— Exercise —
Restate word for word the lines of the records below, starting at the line that contains "text \<open>\<open>q1\<close> and" and ending at the line that contains "for n n' :: nat", with both of those lines included and nothing else.
== Segment start ==
lemma trunc_Cpm [simp]: "trunc k u \<in> Cpm k"
  by (simp add: Cpm_def trunc_def)

lemma trunc_id: "u \<in> Cpm k \<Longrightarrow> trunc k u = u"
  by (auto simp: Cpm_def trunc_def fun_eq_iff)

lemma trunc_linear:
  fixes u v :: "nat \<Rightarrow> 'a::field"
  shows "trunc k 0 = 0" and "trunc k (u + v) = trunc k u + trunc k v"
    and "trunc k (u - v) = trunc k u - trunc k v" and "trunc k (- u) = - trunc k u"
    and "trunc k (scaleF c u) = scaleF c (trunc k u)"
  by (auto simp: trunc_def scaleF_def fun_eq_iff)

lemma Wproj_eq_trunc: "Wproj k x = (trunc k (fst x), trunc k (snd x))"
  by (simp add: Wproj_def trunc_def)

definition tail_space :: "nat \<Rightarrow> nat \<Rightarrow> (nat \<Rightarrow> 'a::zero) set" where
  "tail_space n k = {u \<in> Cpm n. \<forall>i<k. u i = 0}"

lemma tail_space_iff_trunc: "u \<in> tail_space n k \<longleftrightarrow> u \<in> Cpm n \<and> trunc k u = 0"
  by (auto simp: tail_space_def trunc_def fun_eq_iff)

lemma tail_space_closed:
  fixes u v :: "nat \<Rightarrow> 'a::ab_group_add"
  shows "0 \<in> tail_space n k"
    and "u \<in> tail_space n k \<Longrightarrow> v \<in> tail_space n k \<Longrightarrow> u - v \<in> tail_space n k"
    and "u \<in> tail_space n k \<Longrightarrow> - u \<in> tail_space n k"
  by (simp_all add: tail_space_def Cpm_def)

lemma tail_space_Cpm: "u \<in> tail_space n k \<Longrightarrow> u \<in> Cpm n"
  by (simp add: tail_space_def)

lemma diff_trunc_tail_space:
  "u \<in> Cpm n \<Longrightarrow> u - trunc k u \<in> tail_space n (k :: nat)"
  for u :: "nat \<Rightarrow> 'a::ab_group_add"
  by (simp add: tail_space_def Cpm_def trunc_def)

lemma card_tail_space:
  assumes "finite (UNIV :: 'a set)"
  shows "card (tail_space n k :: (nat \<Rightarrow> 'a::zero) set) = card (UNIV :: 'a set) ^ (n - k)"
proof -
  have "tail_space n k = {u :: nat \<Rightarrow> 'a. \<forall>i. i \<notin> {k..<n} \<longrightarrow> u i = 0}"
    by (auto simp: tail_space_def Cpm_def)
  then show ?thesis using card_functions_supported_on[OF _ assms, of "{k..<n}"] by simp
qed

text \<open>\<open>A\<close> and \<open>B\<close> play the roles of \<open>\<delta>_{-+}\<close> and \<open>\<delta>_{+-}\<close>; the last two hypotheses are the
  goodness of \<open>\<delta>\<close>.\<close>

locale chain_pair =
  fixes n n' :: nat and A B :: "(nat \<Rightarrow> 'a::field) \<Rightarrow> nat \<Rightarrow> 'a"
  assumes le: "n' \<le> n"
    and A_Cpm: "u \<in> Cpm n \<Longrightarrow> A u \<in> Cpm n"
    and B_Cpm: "u \<in> Cpm n \<Longrightarrow> B u \<in> Cpm n"
    and A_linear: "linear_on scaleF scaleF (Cpm n) A"
    and B_linear: "linear_on scaleF scaleF (Cpm n) B"
    and B_A: "u \<in> Cpm n \<Longrightarrow> B (A u) = 0"
    and A_B: "u \<in> Cpm n \<Longrightarrow> A (B u) = 0"
    and A_tail_inj: "u \<in> tail_space n n' \<Longrightarrow> A u = 0 \<Longrightarrow> u = 0"
    and B_tail_inj: "u \<in> tail_space n n' \<Longrightarrow> B u = 0 \<Longrightarrow> u = 0"
begin

lemma Cpm_le: "u \<in> Cpm n' \<Longrightarrow> u \<in> Cpm n"
  using le by (rule Cpm_mono)

lemma A_additive:
  assumes "u \<in> Cpm n" and "v \<in> Cpm n"
  shows "A (u + v) = A u + A v" and "A (u - v) = A u - A v"
  using linear_on_additive[OF A_linear assms] Cpm_closed(3)[OF assms] by simp_all

lemma A_scale: "u \<in> Cpm n \<Longrightarrow> A (scaleF c u) = scaleF c (A u)"
  using A_linear unfolding linear_on_def by blast

lemma A_zero: "A 0 = 0"
  using A_linear Cpm_closed(1) by (rule linear_on_zero)

lemma A_minus: "u \<in> Cpm n \<Longrightarrow> A (- u) = - A u"
  using A_additive(2)[of 0 u] by (simp add: Cpm_closed A_zero)

lemma A_eq_if_trunc_eq:
  assumes "u \<in> Cpm n" and "v \<in> Cpm n" and "trunc n' (A u) = trunc n' (A v)"
  shows "A u = A v"
proof -
  have "A u - A v \<in> tail_space n n'"
    using assms by (simp add: tail_space_iff_trunc trunc_linear Cpm_closed A_Cpm)
  moreover have "B (A u - A v) = 0"
    using assms by (simp add: A_additive(2)[symmetric] B_A Cpm_closed)
  ultimately show ?thesis using B_tail_inj by fastforce
qed

lemma eq_B_if_trunc_eq:
  assumes "u \<in> Cpm n" and "A u = 0" and "v \<in> Cpm n" and "trunc n' u = trunc n' (B v)"
  shows "u = B v"
proof -
  have "u - B v \<in> tail_space n n'"
    using assms by (simp add: tail_space_iff_trunc trunc_linear Cpm_closed B_Cpm)
  moreover have "A (u - B v) = 0"
    using assms by (simp add: A_additive(2) A_B B_Cpm)
  ultimately show ?thesis using A_tail_inj by fastforce
qed

lemma trunc_A_trunc_B_tail:
  assumes "x \<in> trunc n' ` B ` tail_space n n'"
  shows "trunc n' (A x) \<in> trunc n' ` A ` tail_space n n'"
proof -
  obtain v where v: "v \<in> tail_space n n'" "x = trunc n' (B v)" using assms by blast
  \<comment> \<open>Since \<open>A (B v) = 0\<close>, only the tail \<open>y\<close> of \<open>B v\<close> contributes.\<close>
  define y where "y = B v - trunc n' (B v)"
  have Bv: "B v \<in> Cpm n" using v(1) tail_space_Cpm B_Cpm by blast
  have y: "y \<in> tail_space n n'" unfolding y_def using Bv by (rule diff_trunc_tail_space)
  have "A x = A (B v - y)" using v(2) by (simp add: y_def)
  also have "\<dots> = A (- y)"
    using Bv tail_space_Cpm[OF y] A_B[OF tail_space_Cpm[OF v(1)]]
    by (simp add: A_additive(2) A_minus)
  finally show ?thesis using tail_space_closed(3)[OF y] by blast
qed

lemma A_inj_on_tail: "inj_on A (tail_space n n')"
proof (rule inj_onI)
  fix u v assume u: "u \<in> tail_space n n'" and v: "v \<in> tail_space n n'" and "A u = A v"
  then have "A (u - v) = 0"
    using A_additive(2)[OF tail_space_Cpm[OF u] tail_space_Cpm[OF v]] by simp
  then show "u = v" using A_tail_inj[OF tail_space_closed(2)[OF u v]] by simp
qed

lemma zero_in_trunc_A_tail: "0 \<in> trunc n' ` A ` tail_space n n'"
  using tail_space_closed(1) by (intro image_eqI) (auto simp: A_zero trunc_linear(1))

lemma card_A_tail:
  assumes "finite (UNIV :: 'a set)"
  shows "card (A ` tail_space n n') = card (UNIV :: 'a set) ^ (n - n')"
  using card_image[OF A_inj_on_tail] card_tail_space[OF assms] by simp

end

sublocale chain_pair \<subseteq> swap: chain_pair n n' B A
  by unfold_locales (fact le B_Cpm A_Cpm B_linear A_linear A_B B_A B_tail_inj A_tail_inj)+

context chain_pair
begin

lemma trunc_B_inj_on_tail: "inj_on (\<lambda>u. trunc n' (B u)) (tail_space n n')"
proof (rule inj_onI)
  fix u v assume u: "u \<in> tail_space n n'" and v: "v \<in> tail_space n n'"
    and "trunc n' (B u) = trunc n' (B v)"
  then have "B u = B v" using swap.A_eq_if_trunc_eq tail_space_Cpm by blast
  then show "u = v" using swap.A_inj_on_tail u v by (simp add: inj_on_def)
qed

lemma card_trunc_B_tail:
  assumes "finite (UNIV :: 'a set)"
  shows "card (trunc n' ` B ` tail_space n n') = card (UNIV :: 'a set) ^ (n - n')"
  using card_image[OF trunc_B_inj_on_tail] card_tail_space[OF assms] by (simp add: image_image)

end

text \<open>\<open>q1\<close> and \<open>q2\<close> are the quotient map \<open>\<V> \<rightarrow> \<V>'\<close> restricted to the two halves of \<open>\<V>\<close>,
  and \<open>q_kernel\<close> says that its kernel is \<open>S^>\<close>. Then \<open>reduced_A\<close> is \<open>\<delta>'_{-+}\<close> on representatives.\<close>

locale reduced_quotient = chain_pair n n' A B
  for n n' :: nat and A B :: "(nat \<Rightarrow> 'a::field) \<Rightarrow> nat \<Rightarrow> 'a" +
  fixes scaleQ :: "'a \<Rightarrow> 'q::ab_group_add \<Rightarrow> 'q" and q1 q2 :: "(nat \<Rightarrow> 'a) \<Rightarrow> 'q"
  assumes vector_space_Q: "vector_space scaleQ"
    and q1_linear: "linear_on scaleF scaleQ (Cpm n') q1"
    and q2_linear: "linear_on scaleF scaleQ (Cpm n') q2"
    and q_kernel: "u \<in> Cpm n' \<Longrightarrow> w \<in> Cpm n' \<Longrightarrow>
      q1 u + q2 w = 0 \<longleftrightarrow> u \<in> trunc n' ` B ` tail_space n n' \<and> w \<in> trunc n' ` A ` tail_space n n'"
begin

sublocale Q: vector_space scaleQ by (rule vector_space_Q)

definition reduced_A :: "(nat \<Rightarrow> 'a) \<Rightarrow> 'q" where
  "reduced_A u = q2 (trunc n' (A u))"

lemma q1_additive:
  assumes "u \<in> Cpm n'" and "v \<in> Cpm n'"
  shows "q1 (u + v) = q1 u + q1 v" and "q1 (u - v) = q1 u - q1 v"
  using linear_on_additive[OF q1_linear assms] Cpm_closed(3)[OF assms] by simp_all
== Segment end ==
— Task result —
text \<open>\<open>q1\<close> and \<open>q2\<close> are the quotient map \<open>\<V> \<rightarrow> \<V>'\<close> restricted to the two halves of \<open>\<V>\<close>,
  and \<open>q_kernel\<close> says that its kernel is \<open>S^>\<close>. Then \<open>reduced_A\<close> is \<open>\<delta>'_{-+}\<close> on representatives.\<close>

locale reduced_quotient = chain_pair n n' A B
  for n n' :: nat and A B :: "(nat \<Rightarrow> 'a::field) \<Rightarrow> nat \<Rightarrow> 'a" +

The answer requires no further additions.